6 de marzo de 2014

Pensando arquitectura



Pasamos más de la mitad de nuestras vidas transitando lugares, recorriéndolos sin saber que pasarán a formar parte de nuestra memoria emotiva.

Muchos los recuerdan con mucha nitidez, otros se van olvidando con el tiempo por donde anduvieron. Pero casi todos recuerdan lugares emblemáticos, lugares que dejaron marcas profundas tanto agradables como desagradables.

Recorrer una ciudad no es solamente caminar por calles que nos parezcan “interesantes” sacando fotos porque saldrán bonitas. Recorrer una ciudad implica sentir como ella, que al transitarla tratemos de imaginarnos como fue concebido cada espacio, o que inmueble lo ocupaba previamente.

Recorrer una ciudad va más allá de "mirarla". Se ejercita el arte de observar a consciencia lo que ocurre en un espacio determinado, analizando sus cambios que pueden perdurar en el tiempo y del cual formamos parte.

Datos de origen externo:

lemma cf_rem_bounds:
  assumes "0 < \<alpha>" "\<alpha> < 1" "\<alpha> \<notin> \<rat>"
  shows "0 < cf_rem \<alpha> k" and "cf_rem \<alpha> k < 1"
proof -
  have "0 < cf_rem \<alpha> k \<and> cf_rem \<alpha> k < 1"
  proof (cases k)
    case (Suc j)
    have "cf_rem \<alpha> k \<noteq> 0"
      using cf_rem_irrational[OF assms(3), of k] by auto
    moreover have "0 \<le> cf_rem \<alpha> k" "cf_rem \<alpha> k < 1"
      using Suc by (simp_all add: frac_lt_1)
    ultimately show ?thesis
      by simp
  qed (use assms in simp)
  then show "0 < cf_rem \<alpha> k" and "cf_rem \<alpha> k < 1"
    by simp_all
qed

lemma cf_a_Suc:
  assumes "0 < \<alpha>" "\<alpha> < 1" "\<alpha> \<notin> \<rat>"
  shows "1 \<le> cf_a \<alpha> (Suc k)"
    and "real (cf_a \<alpha> (Suc k)) = 1 / cf_rem \<alpha> k - cf_rem \<alpha> (Suc k)"
proof -
  have "1 < 1 / cf_rem \<alpha> k"
    using cf_rem_bounds[OF assms, of k] by simp
  then have floor: "1 \<le> \<lfloor>1 / cf_rem \<alpha> k\<rfloor>"
    by (simp add: le_floor_iff)
  moreover have a: "cf_a \<alpha> (Suc k) = nat \<lfloor>1 / cf_rem \<alpha> k\<rfloor>"
    by (simp add: cf_a_def)
  ultimately show "1 \<le> cf_a \<alpha> (Suc k)"
    by arith
  have "real (cf_a \<alpha> (Suc k)) = of_int \<lfloor>1 / cf_rem \<alpha> k\<rfloor>"
    unfolding a by (rule of_nat_nat) (use floor in linarith)
  then show "real (cf_a \<alpha> (Suc k)) = 1 / cf_rem \<alpha> k - cf_rem \<alpha> (Suc k)"
    by (simp add: frac_def)
qed

lemma Lambda_Suc:
  assumes "0 < \<alpha>" "\<alpha> < 1" "\<alpha> \<notin> \<rat>"
  shows "Lambda \<alpha> (Suc n) = - cf_rem \<alpha> n * Lambda \<alpha> n"
proof (induction n)
  case 0
  then show ?case by (simp add: Lambda_def)
next
  case (Suc n)
  have "Lambda \<alpha> (Suc (Suc n)) = real (cf_a \<alpha> (Suc n)) * Lambda \<alpha> (Suc n) + Lambda \<alpha> n"
    by (simp add: Lambda_def algebra_simps)
  also have "Lambda \<alpha> n = - Lambda \<alpha> (Suc n) / cf_rem \<alpha> n"
    using Suc cf_rem_bounds[OF assms, of n] by (simp add: field_simps)
  finally show ?case
    using cf_a_Suc(2)[OF assms, of n] by (simp add: field_simps)
qed

lemma Lambda_sign:
  assumes "0 < \<alpha>" "\<alpha> < 1" "\<alpha> \<notin> \<rat>"
  shows "0 < (-1) ^ Suc n * Lambda \<alpha> n"
proof (induction n)
  case 0
  then show ?case by (simp add: Lambda_def)
next
  case (Suc n)
  then show ?case
    using Lambda_Suc[OF assms, of n] cf_rem_bounds[OF assms, of n]
    by (simp add: mult.left_commute mult_pos_neg)
qed

lemma cf_det:
  "int (cf_p \<alpha> (Suc n)) * int (cf_q \<alpha> n) - int (cf_p \<alpha> n) * int (cf_q \<alpha> (Suc n)) = (-1) ^ Suc n"
  by (induction n) (simp_all add: algebra_simps)

lemma cf_p_mult_cf_q_cong:
  "[int (cf_p \<alpha> (Suc n)) * int (cf_q \<alpha> n) = (-1) ^ Suc n] (mod int (cf_q \<alpha> (Suc n)))"
  using cf_det[of \<alpha> n] unfolding cong_iff_lin
  by (intro exI[of _ "- int (cf_p \<alpha> n)"]) (simp add: algebra_simps)

lemma cf_q_le_Suc:
  assumes "0 < \<alpha>" "\<alpha> < 1" "\<alpha> \<notin> \<rat>"
  shows "cf_q \<alpha> n \<le> cf_q \<alpha> (Suc n)"
proof (cases n)
  case (Suc m)
  have "cf_q \<alpha> n \<le> cf_a \<alpha> n * cf_q \<alpha> n"
    using cf_a_Suc(1)[OF assms, of m] Suc by simp
  then show ?thesis
    using Suc by (simp add: trans_le_add1)
qed simp

lemma cf_q_ge_1:
  assumes "0 < \<alpha>" "\<alpha> < 1" "\<alpha> \<notin> \<rat>" "1 \<le> n"
  shows "1 \<le> cf_q \<alpha> n"
  using assms(4)
proof (induction n rule: nat_induct_at_least)
  case (Suc n)
  then show ?case
    using cf_q_le_Suc[OF assms(1-3), of n] by simp
qed simp

lemma cf_q_abs_Lambda_sum:
  assumes "0 < \<alpha>" "\<alpha> < 1" "\<alpha> \<notin> \<rat>"
  shows "real (cf_q \<alpha> (Suc n)) * \<bar>Lambda \<alpha> n\<bar> + real (cf_q \<alpha> n) * \<bar>Lambda \<alpha> (Suc n)\<bar> = 1"
proof -
  have "real (cf_q \<alpha> (Suc n)) * Lambda \<alpha> n - real (cf_q \<alpha> n) * Lambda \<alpha> (Suc n)
      = of_int (int (cf_p \<alpha> (Suc n)) * int (cf_q \<alpha> n) - int (cf_p \<alpha> n) * int (cf_q \<alpha> (Suc n)))"
    by (simp add: Lambda_def algebra_simps)
  also have "\<dots> = (-1) ^ Suc n"
    by (simp only: cf_det) simp
  finally have det: "real (cf_q \<alpha> (Suc n)) * Lambda \<alpha> n - real (cf_q \<alpha> n) * Lambda \<alpha> (Suc n)
      = (-1) ^ Suc n" .
  have "\<bar>Lambda \<alpha> n\<bar> = (-1) ^ Suc n * Lambda \<alpha> n"
    and "\<bar>Lambda \<alpha> (Suc n)\<bar> = - ((-1) ^ Suc n * Lambda \<alpha> (Suc n))"
    using Lambda_sign[OF assms, of n] Lambda_sign[OF assms, of "Suc n"] by (cases "even n"; simp)+
  then have "real (cf_q \<alpha> (Suc n)) * \<bar>Lambda \<alpha> n\<bar> + real (cf_q \<alpha> n) * \<bar>Lambda \<alpha> (Suc n)\<bar>
      = (-1) ^ Suc n * (real (cf_q \<alpha> (Suc n)) * Lambda \<alpha> n - real (cf_q \<alpha> n) * Lambda \<alpha> (Suc n))"
    by (simp add: algebra_simps)
  also have "\<dots> = 1"
    unfolding det by (simp flip: power_add)
  finally show ?thesis .
qed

Formamos parte de los cambios de una ciudad en la medida que aceptamos tácitamente como se va modificando, transformando o destruyendo la misma. Aceptamos todo eso, siguiendo nuestras vidas a compás de esa ciudad que muta en forma silenciosa.

Con el tiempo nos sentimos invadidos, atacados por edificios que son casi idénticos entre si, con pocos espacios verdes, con mucho tránsito.
Olvidamos rápidamente lo que era ese espacio antes… Solía ser un espacio con poco monumentalismo, con calles más anchas y menos transitadas, con boulevares pintorescos, con fachadas más ornamentales que funcionales.

Decidimos huir a buscar nuevos lugares, a explorarlos y a impresionarnos por su carácter histórico, pero forman parte de un pasado que nos resulta más fácil recrear, pero muy pocas veces podemos entender su concepción, evolución y destrucción. Nos gusta aparentar. 

Aceptamos esos cambios en gran parte, pero tendemos a la comparación, quejándonos con vehemencia de nuestro hábitat. Que error el nuestro. A veces parecemos tan incorregibles.

Recorrer una ciudad implica saber observar, criticando con coherencia, reconociendo que hay lugares recorribles, apetecibles que no necesitan tener más de 300 años de historia, ni estar en los pasajes de un libro, sino que pueden lugares tan simples como una esquina con una fachada cuyos colores nos transporten al pasado y nos permita soñar por un rato.